(* Let $\mathbb{K}\in\{\mathbb{R},\mathbb{C}\}$ and let $\Gamma_1,\Gamma_2\subset\mathsf{GL}_d(\mathbb{K})$ be semigroups in ping-pong position relative to open sets $U_1,U_2\subset\mathbb{P}(\mathbb{K}^d)$, $V_1,V_2\subset\mathsf{Gr}_{d-1}(\mathbb{K}^d)$. Let $\varepsilon>0$ be such that $\mathrm{dist}(\overline{U_i},\overline{V_j}):=\inf\{\mathrm{dist}(x,\mathbb{P}(W)):x\in\overline{U_i},W\in\overline{V_j}\}\ge\varepsilon$ for $\{i,j\}=\{1,2\}$, and let $0<\theta<\varepsilon^2$ and $x_i\in U_i$, $y_i\in V_i$ be such that $B_\theta(x_i)\subset U_i$ and $B_\theta(y_i)\subset V_i$ for $i=1,2$. Let $\Delta=\langle\Gamma_1,\Gamma_2\rangle$, $M=\max\{\frac{16}{\varepsilon\theta},\frac{8\sqrt{d-1}}{\varepsilon^2}\}$, and $F=\{h\in\Delta:\frac{\sigma_1}{\sigma_2}(h)<M\}$. Let $g\in\Delta\smallsetminus F$ be written as a reduced word $g=g_1\cdots g_n$, $n\ge1$, with $g_k\in(\Gamma_1\cup\Gamma_2)\smallsetminus\{I_d\}$. Then: (i) if $i(g_1)\in\{1,2\}$ is the unique index with $g_1\in\Gamma_{i(g_1)}$, then $d_{\mathbb{P}}(\Xi_1(g),U_{i(g_1)})\le\frac{\varepsilon}{8}$; (ii) if $i(g_n)\in\{1,2\}$ is the unique index with $g_n\in\Gamma_{i(g_n)}$, then $d_{\mathsf{Gr}}(\Xi_{d-1}(g^{-1}),V_{i(g_n)})\le\frac{\varepsilon}{8}$.
   Context: $\mathbb{P}(\mathbb{K}^d)$ carries the metric $d_{\mathbb{P}}([u],[v])=\sqrt{1-\frac{|\langle u,v\rangle|^2}{\|u\|^2\|v\|^2}}$ (standard Hermitian inner product); $B_r(\cdot)$ are open balls; $\mathrm{dist}(X,Y)$ is the minimal $d_{\mathbb{P}}$-distance between subsets of $\mathbb{P}(\mathbb{K}^d)$; $\mathsf{Gr}_{d-1}(\mathbb{K}^d)$ carries the metric $d_{\mathsf{Gr}}(u^\perp,v^\perp)=d_{\mathbb{P}}([u],[v])$; distance from a point to a set is the infimum. For $g$ with singular values $\sigma_1(g)\ge\dots\ge\sigma_d(g)$ and Cartan decomposition $g=k_g\mathrm{diag}(\sigma_1(g),\dots,\sigma_d(g))k_g'$, if $\sigma_k(g)>\sigma_{k+1}(g)$ then $\Xi_k(g):=k_g\langle e_1,\dots,e_k\rangle$ (independent of choices). A point $[v]$ and hyperplane $W$ are transverse if $v\notin W$. Ping-pong position: whenever $\{i,j\}=\{1,2\}$, $\overline{U_i}$ and $\overline{V_j}$ are transverse, and for all $\gamma\in\Gamma_i\smallsetminus\{I_d\}$, $\gamma\overline{U_j}\subset U_i$ and $\gamma^{-1}\overline{V_j}\subset V_i$. A reduced word is a product of elements of $(\Gamma_1\cup\Gamma_2)\smallsetminus\{I_d\}$ with no two consecutive factors in the same $\Gamma_k$. *)

theory Defs
  imports Complex_Main "Jordan_Normal_Form.Matrix"
begin

text \<open>The field K is represented as a subset of the complex numbers: either the reals or all of C.
  Vectors of K^d are complex vectors of dimension d with entries in K, matrices likewise.\<close>

definition Kfield :: "complex set \<Rightarrow> bool" where
  "Kfield K \<longleftrightarrow> K = \<real> \<or> K = UNIV"

definition Kvec :: "complex set \<Rightarrow> nat \<Rightarrow> complex vec \<Rightarrow> bool" where
  "Kvec K d v \<longleftrightarrow> v \<in> carrier_vec d \<and> (\<forall>i<d. v $ i \<in> K)"

definition Kmat :: "complex set \<Rightarrow> nat \<Rightarrow> complex mat \<Rightarrow> bool" where
  "Kmat K d g \<longleftrightarrow> g \<in> carrier_mat d d \<and> (\<forall>i<d. \<forall>j<d. g $$ (i,j) \<in> K)"

definition GLK :: "complex set \<Rightarrow> nat \<Rightarrow> complex mat set" where
  "GLK K d = {g. Kmat K d g \<and> invertible_mat g}"

definition minv :: "nat \<Rightarrow> complex mat \<Rightarrow> complex mat" where
  "minv d g = (SOME h. h \<in> carrier_mat d d \<and> g * h = 1\<^sub>m d \<and> h * g = 1\<^sub>m d)"

definition cadj :: "complex mat \<Rightarrow> complex mat" where
  "cadj A = Matrix.mat (dim_col A) (dim_row A) (\<lambda>(i,j). cnj (A $$ (j,i)))"

definition unitaryK :: "complex set \<Rightarrow> nat \<Rightarrow> complex mat \<Rightarrow> bool" where
  "unitaryK K d k \<longleftrightarrow> Kmat K d k \<and> k * cadj k = 1\<^sub>m d \<and> cadj k * k = 1\<^sub>m d"

text \<open>Cartan decomposition g = k diag(sigma_1,...,sigma_d) k' (indices shifted to 0..d-1)\<close>
definition cartan :: "complex set \<Rightarrow> nat \<Rightarrow> complex mat \<Rightarrow> complex mat \<Rightarrow> (nat \<Rightarrow> real) \<Rightarrow> complex mat \<Rightarrow> bool" where
  "cartan K d g k \<sigma> k' \<longleftrightarrow> unitaryK K d k \<and> unitaryK K d k' \<and>
     (\<forall>i<d. 0 \<le> \<sigma> i) \<and> (\<forall>i j. i \<le> j \<longrightarrow> j < d \<longrightarrow> \<sigma> j \<le> \<sigma> i) \<and>
     g = k * mat_diag d (\<lambda>i. complex_of_real (\<sigma> i)) * k'"

text \<open>singular values: sv K d g i = sigma_(i+1)(g)\<close>
definition sv :: "complex set \<Rightarrow> nat \<Rightarrow> complex mat \<Rightarrow> nat \<Rightarrow> real" where
  "sv K d g = (SOME \<sigma>. \<exists>k k'. cartan K d g k \<sigma> k')"

definition hinner :: "complex vec \<Rightarrow> complex vec \<Rightarrow> complex" where
  "hinner u v = u \<bullet>c v"

definition nrm2 :: "complex vec \<Rightarrow> real" where
  "nrm2 u = Re (hinner u u)"

text \<open>Points of P(K^d) are represented by nonzero vectors of K^d; subsets of P(K^d) by
  sets of nonzero vectors saturated under K^* scaling.\<close>
definition PK :: "complex set \<Rightarrow> nat \<Rightarrow> complex vec set" where
  "PK K d = {v. Kvec K d v \<and> v \<noteq> 0\<^sub>v d}"

definition dP :: "complex vec \<Rightarrow> complex vec \<Rightarrow> real" where
  "dP u v = sqrt (1 - (cmod (hinner u v))\<^sup>2 / (nrm2 u * nrm2 v))"

definition projset :: "complex set \<Rightarrow> nat \<Rightarrow> complex vec set \<Rightarrow> bool" where
  "projset K d U \<longleftrightarrow> U \<subseteq> PK K d \<and> (\<forall>v\<in>U. \<forall>c\<in>K. c \<noteq> 0 \<longrightarrow> c \<cdot>\<^sub>v v \<in> U)"

definition openP :: "complex set \<Rightarrow> nat \<Rightarrow> complex vec set \<Rightarrow> bool" where
  "openP K d U \<longleftrightarrow> projset K d U \<and> (\<forall>x\<in>U. \<exists>r>0. \<forall>y\<in>PK K d. dP x y < r \<longrightarrow> y \<in> U)"

definition closP :: "complex set \<Rightarrow> nat \<Rightarrow> complex vec set \<Rightarrow> complex vec set" where
  "closP K d U = {x \<in> PK K d. \<forall>r>0. \<exists>y\<in>U. dP x y < r}"

definition ballP :: "complex set \<Rightarrow> nat \<Rightarrow> complex vec \<Rightarrow> real \<Rightarrow> complex vec set" where
  "ballP K d x r = {y \<in> PK K d. dP x y < r}"

definition distP :: "complex vec \<Rightarrow> complex vec set \<Rightarrow> real" where
  "distP x U = Inf (dP x ` U)"

text \<open>Subsets of Gr_(d-1)(K^d)
  are represented by saturated sets N of normal vectors, standing for {u^perp | u in N};
  the metric is d_Gr(u^perp, v^perp) = dP u v, so open sets, balls, closures and distances
  in Gr_(d-1) are openP, ballP, closP, distP applied to normal vectors.\<close>
definition hyp :: "complex set \<Rightarrow> nat \<Rightarrow> complex vec \<Rightarrow> complex vec set" where
  "hyp K d u = {x. Kvec K d x \<and> hinner x u = 0}"

definition actP :: "complex mat \<Rightarrow> complex vec set \<Rightarrow> complex vec set" where
  "actP g U = (\<lambda>v. g *\<^sub>v v) ` U"

definition actH :: "complex set \<Rightarrow> nat \<Rightarrow> complex mat \<Rightarrow> complex vec set \<Rightarrow> complex vec set" where
  "actH K d g N = {w \<in> PK K d. \<exists>u\<in>N. (\<lambda>x. g *\<^sub>v x) ` hyp K d u = hyp K d w}"

definition pingpong :: "complex set \<Rightarrow> nat \<Rightarrow> (nat \<Rightarrow> complex mat set) \<Rightarrow>
    (nat \<Rightarrow> complex vec set) \<Rightarrow> (nat \<Rightarrow> complex vec set) \<Rightarrow> bool" where
  "pingpong K d \<Gamma> U V \<longleftrightarrow>
    (\<forall>i\<in>{1,2}. \<forall>j\<in>{1,2}. i \<noteq> j \<longrightarrow>
       (\<forall>x\<in>closP K d (U i). \<forall>u\<in>closP K d (V j). hinner x u \<noteq> 0) \<and>
       (\<forall>\<gamma>\<in>\<Gamma> i - {1\<^sub>m d}. actP \<gamma> (closP K d (U j)) \<subseteq> U i \<and>
                            actH K d (minv d \<gamma>) (closP K d (V j)) \<subseteq> V i))"

definition semigroupK :: "complex set \<Rightarrow> nat \<Rightarrow> complex mat set \<Rightarrow> bool" where
  "semigroupK K d G \<longleftrightarrow> G \<subseteq> GLK K d \<and> (\<forall>a\<in>G. \<forall>b\<in>G. a * b \<in> G)"

definition gen2 :: "nat \<Rightarrow> complex mat set \<Rightarrow> complex mat set \<Rightarrow> complex mat set" where
  "gen2 d A B = {foldr (*) ws (1\<^sub>m d) | ws. ws \<noteq> [] \<and> set ws \<subseteq> A \<union> B}"
(* Let $n$ be a positive integer, $p_1,\dots,p_n$ distinct primes, and $(X,r)$ an indecomposable multipermutation solution of the YBE with $|X|=p_1\cdots p_n$. Then both $(X,r)$ and the solution $(\mathcal G(X,r),r_{\mathcal G})$ associated to the left brace $\mathcal G(X,r)$ have multipermutation level at most $n$.
   Context: A solution of the Yang–Baxter equation (YBE) is a pair $(X,r)$, where $X$ is a non-empty set and $r\colon X\times X\to X\times X$, written $r(x,y)=(\sigma_x(y),\gamma_y(x))$, satisfies: $r^2=\mathrm{id}$; all $\sigma_x,\gamma_y$ are bijections of $X$; and $r_{12}r_{23}r_{12}=r_{23}r_{12}r_{23}$ on $X^3$, where $r_{12}=r\times\mathrm{id}_X$, $r_{23}=\mathrm{id}_X\times r$. $\mathcal G(X,r)=\langle\sigma_x:x\in X\rangle\le\mathrm{Sym}_X$; $(X,r)$ is indecomposable if $\mathcal G(X,r)$ is transitive on $X$. Retract: $x\sim y\iff\sigma_x=\sigma_y$, inducing a solution $\mathrm{Ret}(X,r)$ on $X/{\sim}$; $\mathrm{Ret}^k$ is the $k$-fold iterate; $(X,r)$ is multipermutation if $|\mathrm{Ret}^k(X,r)|=1$ for some $k\ge1$, the least such $k$ being its multipermutation level. A left brace is a set $B$ with operations $+$ and $\circ$ (written $ab$) such that $(B,+)$ is an abelian group, $(B,\circ)$ is a group and $a(b+c)+a=ab+ac$; $\lambda_a(b)=-a+ab$. The solution associated to $B$ is $(B,r_B)$ with $r_B(a,b)=(\lambda_a(b),\lambda^{-1}_{\lambda_a(b)}(a))$. Brace structure on $\mathcal G(X,r)$: the structure group $G(X,r)=\langle x\in X\mid xy=\sigma_x(y)\gamma_y(x)\rangle$ is a left brace with additive group free abelian on $X$ and $\lambda_x(y)=\sigma_x(y)$; $x\mapsto\sigma_x$ extends to a group epimorphism $\phi\colon G(X,r)\to\mathcal G(X,r)$ with kernel $\{a: ab=a+b\ \forall b\}$, and $\mathcal G(X,r)$ carries the unique left brace structure making $\phi$ a brace homomorphism. *)

theory Defs
  imports "HOL-Algebra.Algebra" "HOL-Computational_Algebra.Primes"
begin

definition sig :: "('a \<times> 'a \<Rightarrow> 'a \<times> 'a) \<Rightarrow> 'a \<Rightarrow> 'a \<Rightarrow> 'a" where
  "sig r x y = fst (r (x, y))"

definition gam :: "('a \<times> 'a \<Rightarrow> 'a \<times> 'a) \<Rightarrow> 'a \<Rightarrow> 'a \<Rightarrow> 'a" where
  "gam r y x = snd (r (x, y))"

definition r12 :: "('a \<times> 'a \<Rightarrow> 'a \<times> 'a) \<Rightarrow> 'a \<times> 'a \<times> 'a \<Rightarrow> 'a \<times> 'a \<times> 'a" where
  "r12 r t = (case t of (x, y, z) \<Rightarrow> (fst (r (x, y)), snd (r (x, y)), z))"

definition r23 :: "('a \<times> 'a \<Rightarrow> 'a \<times> 'a) \<Rightarrow> 'a \<times> 'a \<times> 'a \<Rightarrow> 'a \<times> 'a \<times> 'a" where
  "r23 r t = (case t of (x, y, z) \<Rightarrow> (x, fst (r (y, z)), snd (r (y, z))))"

definition solution :: "'a set \<Rightarrow> ('a \<times> 'a \<Rightarrow> 'a \<times> 'a) \<Rightarrow> bool" where
  "solution S r \<longleftrightarrow>
     S \<noteq> {} \<and>
     (\<forall>x\<in>S. \<forall>y\<in>S. fst (r (x, y)) \<in> S \<and> snd (r (x, y)) \<in> S) \<and>
     (\<forall>x\<in>S. \<forall>y\<in>S. r (r (x, y)) = (x, y)) \<and>
     (\<forall>x\<in>S. bij_betw (sig r x) S S) \<and>
     (\<forall>y\<in>S. bij_betw (gam r y) S S) \<and>
     (\<forall>x\<in>S. \<forall>y\<in>S. \<forall>z\<in>S.
        r12 r (r23 r (r12 r (x, y, z))) = r23 r (r12 r (r23 r (x, y, z))))"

================================

> PROBLEM DESCRIPTION: Above are some records; copy exactly the lines from the one with "(*) ws (1\<^sub>m" through the one with "(* Let $n$ be", both included, and no others.

> TASK RESPONSE:
  "gen2 d A B = {foldr (*) ws (1\<^sub>m d) | ws. ws \<noteq> [] \<and> set ws \<subseteq> A \<union> B}"
(* Let $n$ be a positive integer, $p_1,\dots,p_n$ distinct primes, and $(X,r)$ an indecomposable multipermutation solution of the YBE with $|X|=p_1\cdots p_n$. Then both $(X,r)$ and the solution $(\mathcal G(X,r),r_{\mathcal G})$ associated to the left brace $\mathcal G(X,r)$ have multipermutation level at most $n$.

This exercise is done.